Exercise description — Print the whole listing, keeping every line exactly as given.

Given records —

lemma EA_path_diameter_bound:
  fixes P :: "nat \<Rightarrow> (point \<times> real) set" and th :: "nat \<Rightarrow> real"
  defines "C \<equiv> \<lambda>j. fst (EA_path P th j)"
  defines "A \<equiv> \<lambda>j. measure lborel (C j)"
  shows "diameter (C i) \<le> sqrt (4 * A i / pi) + (\<Sum>j<i. sqrt (2 * (A (Suc j) - A j) / pi))"
proof -
  define z where "z j = fst (snd (EA_path P th j))" for j
  define r where "r j = dist (z j) (z (Suc j))" for j
  have C_Suc: "C (Suc j) = C j \<union> cball (z j) (r j)" for j
    unfolding C_def z_def r_def by (rule EA_path_Suc_fst)
  have C: "compact (C j)" and z: "z j \<in> C j" for j
    using EA_path_compact_center unfolding C_def z_def by auto
  have A_mono: "A j \<le> A (Suc j)" for j
    unfolding A_def C_Suc by (rule measure_le_measure_Un_cball(1)[OF C])
  have disc: "pi * (r j)\<^sup>2 \<le> A (Suc j)" for j
  proof -
    have "measure lborel (cball (z j) (r j)) \<le> A (Suc j)"
      unfolding A_def C_Suc by (rule measure_le_measure_Un_cball(2)[OF C])
    then show ?thesis using measure_cball_2[of "r j" "z j"] by (simp add: r_def)
  qed
  show ?thesis
  proof (induction i)
    case 0
    then show ?case by (simp add: C_def A_def)
  next
    case (Suc i)
    define s where "s = sqrt (2 * (A (Suc i) - A i) / pi)"
    have "diameter (C (Suc i)) \<le> max (diameter (C i) + s) (2 * r i)"
      using diameter_Un_cball_le[OF C z] unfolding s_def A_def C_Suc r_def by simp
    moreover have "sqrt (4 * A i / pi) \<le> sqrt (4 * A (Suc i) / pi)"
      using A_mono[of i] by (simp add: divide_right_mono)
    moreover have "2 * r i \<le> sqrt (4 * A (Suc i) / pi)"
    proof -
      have "2 * r i = sqrt (4 * (pi * (r i)\<^sup>2) / pi)" by (simp add: real_sqrt_mult r_def)
      also have "\<dots> \<le> sqrt (4 * A (Suc i) / pi)"
        using disc[of i] by (intro real_sqrt_le_mono divide_right_mono) auto
      finally show ?thesis .
    qed
    moreover have "(\<Sum>j<i. sqrt (2 * (A (Suc j) - A j) / pi)) \<ge> 0" and "s \<ge> 0"
      using A_mono by (auto intro: sum_nonneg simp: s_def)
    ultimately show ?case
      using Suc unfolding sum.lessThan_Suc s_def[symmetric] le_max_iff_disj max.bounded_iff by linarith
  qed
qed

theorem lemma5:
  fixes M :: "'p measure"
    and P :: "nat \<Rightarrow> 'p \<Rightarrow> (point \<times> real) set"
    and th :: "nat \<Rightarrow> 'p \<Rightarrow> real"
  assumes "prob_space M"
    and "\<forall>i. is_PPP M (P i) (UNIV \<times> {0..})"
    and "\<forall>i. distributed M lborel (th i) (exponential_density 1)"
    and "prob_space.indep_vars M (\<lambda>_. pp_space \<Otimes>\<^sub>M borel)
           (\<lambda>k \<omega>. case k of Inl i \<Rightarrow> (P i \<omega>, 0)
                           | Inr j \<Rightarrow> ({}, th j \<omega>)) (UNIV :: (nat + nat) set)"
  shows "AE \<omega> in M. \<forall>i::nat.
           (let C = (\<lambda>j. fst (EA_path (\<lambda>j. P j \<omega>) (\<lambda>j. th j \<omega>) j));
                A = (\<lambda>j. measure lborel (C j))
            in diameter (C i) \<le> sqrt (4 * A i / pi)
                 + (\<Sum>j<i. sqrt (2 * (A (Suc j) - A j) / pi)))"
  unfolding Let_def by (intro AE_I2 allI EA_path_diameter_bound)

end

Exercise solution —
lemma EA_path_diameter_bound:
  fixes P :: "nat \<Rightarrow> (point \<times> real) set" and th :: "nat \<Rightarrow> real"
  defines "C \<equiv> \<lambda>j. fst (EA_path P th j)"
  defines "A \<equiv> \<lambda>j. measure lborel (C j)"
  shows "diameter (C i) \<le> sqrt (4 * A i / pi) + (\<Sum>j<i. sqrt (2 * (A (Suc j) - A j) / pi))"
proof -
  define z where "z j = fst (snd (EA_path P th j))" for j
  define r where "r j = dist (z j) (z (Suc j))" for j
  have C_Suc: "C (Suc j) = C j \<union> cball (z j) (r j)" for j
    unfolding C_def z_def r_def by (rule EA_path_Suc_fst)
  have C: "compact (C j)" and z: "z j \<in> C j" for j
    using EA_path_compact_center unfolding C_def z_def by auto
  have A_mono: "A j \<le> A (Suc j)" for j
    unfolding A_def C_Suc by (rule measure_le_measure_Un_cball(1)[OF C])
  have disc: "pi * (r j)\<^sup>2 \<le> A (Suc j)" for j
  proof -
    have "measure lborel (cball (z j) (r j)) \<le> A (Suc j)"
      unfolding A_def C_Suc by (rule measure_le_measure_Un_cball(2)[OF C])
    then show ?thesis using measure_cball_2[of "r j" "z j"] by (simp add: r_def)
  qed
  show ?thesis
  proof (induction i)
    case 0
    then show ?case by (simp add: C_def A_def)
  next
    case (Suc i)
    define s where "s = sqrt (2 * (A (Suc i) - A i) / pi)"
    have "diameter (C (Suc i)) \<le> max (diameter (C i) + s) (2 * r i)"
      using diameter_Un_cball_le[OF C z] unfolding s_def A_def C_Suc r_def by simp
    moreover have "sqrt (4 * A i / pi) \<le> sqrt (4 * A (Suc i) / pi)"
      using A_mono[of i] by (simp add: divide_right_mono)
    moreover have "2 * r i \<le> sqrt (4 * A (Suc i) / pi)"
    proof -
      have "2 * r i = sqrt (4 * (pi * (r i)\<^sup>2) / pi)" by (simp add: real_sqrt_mult r_def)
      also have "\<dots> \<le> sqrt (4 * A (Suc i) / pi)"
        using disc[of i] by (intro real_sqrt_le_mono divide_right_mono) auto
      finally show ?thesis .
    qed
    moreover have "(\<Sum>j<i. sqrt (2 * (A (Suc j) - A j) / pi)) \<ge> 0" and "s \<ge> 0"
      using A_mono by (auto intro: sum_nonneg simp: s_def)
    ultimately show ?case
      using Suc unfolding sum.lessThan_Suc s_def[symmetric] le_max_iff_disj max.bounded_iff by linarith
  qed
qed

theorem lemma5:
  fixes M :: "'p measure"
    and P :: "nat \<Rightarrow> 'p \<Rightarrow> (point \<times> real) set"
    and th :: "nat \<Rightarrow> 'p \<Rightarrow> real"
  assumes "prob_space M"
    and "\<forall>i. is_PPP M (P i) (UNIV \<times> {0..})"
    and "\<forall>i. distributed M lborel (th i) (exponential_density 1)"
    and "prob_space.indep_vars M (\<lambda>_. pp_space \<Otimes>\<^sub>M borel)
           (\<lambda>k \<omega>. case k of Inl i \<Rightarrow> (P i \<omega>, 0)
                           | Inr j \<Rightarrow> ({}, th j \<omega>)) (UNIV :: (nat + nat) set)"
  shows "AE \<omega> in M. \<forall>i::nat.
           (let C = (\<lambda>j. fst (EA_path (\<lambda>j. P j \<omega>) (\<lambda>j. th j \<omega>) j));
                A = (\<lambda>j. measure lborel (C j))
            in diameter (C i) \<le> sqrt (4 * A i / pi)
                 + (\<Sum>j<i. sqrt (2 * (A (Suc j) - A j) / pi)))"
  unfolding Let_def by (intro AE_I2 allI EA_path_diameter_bound)

end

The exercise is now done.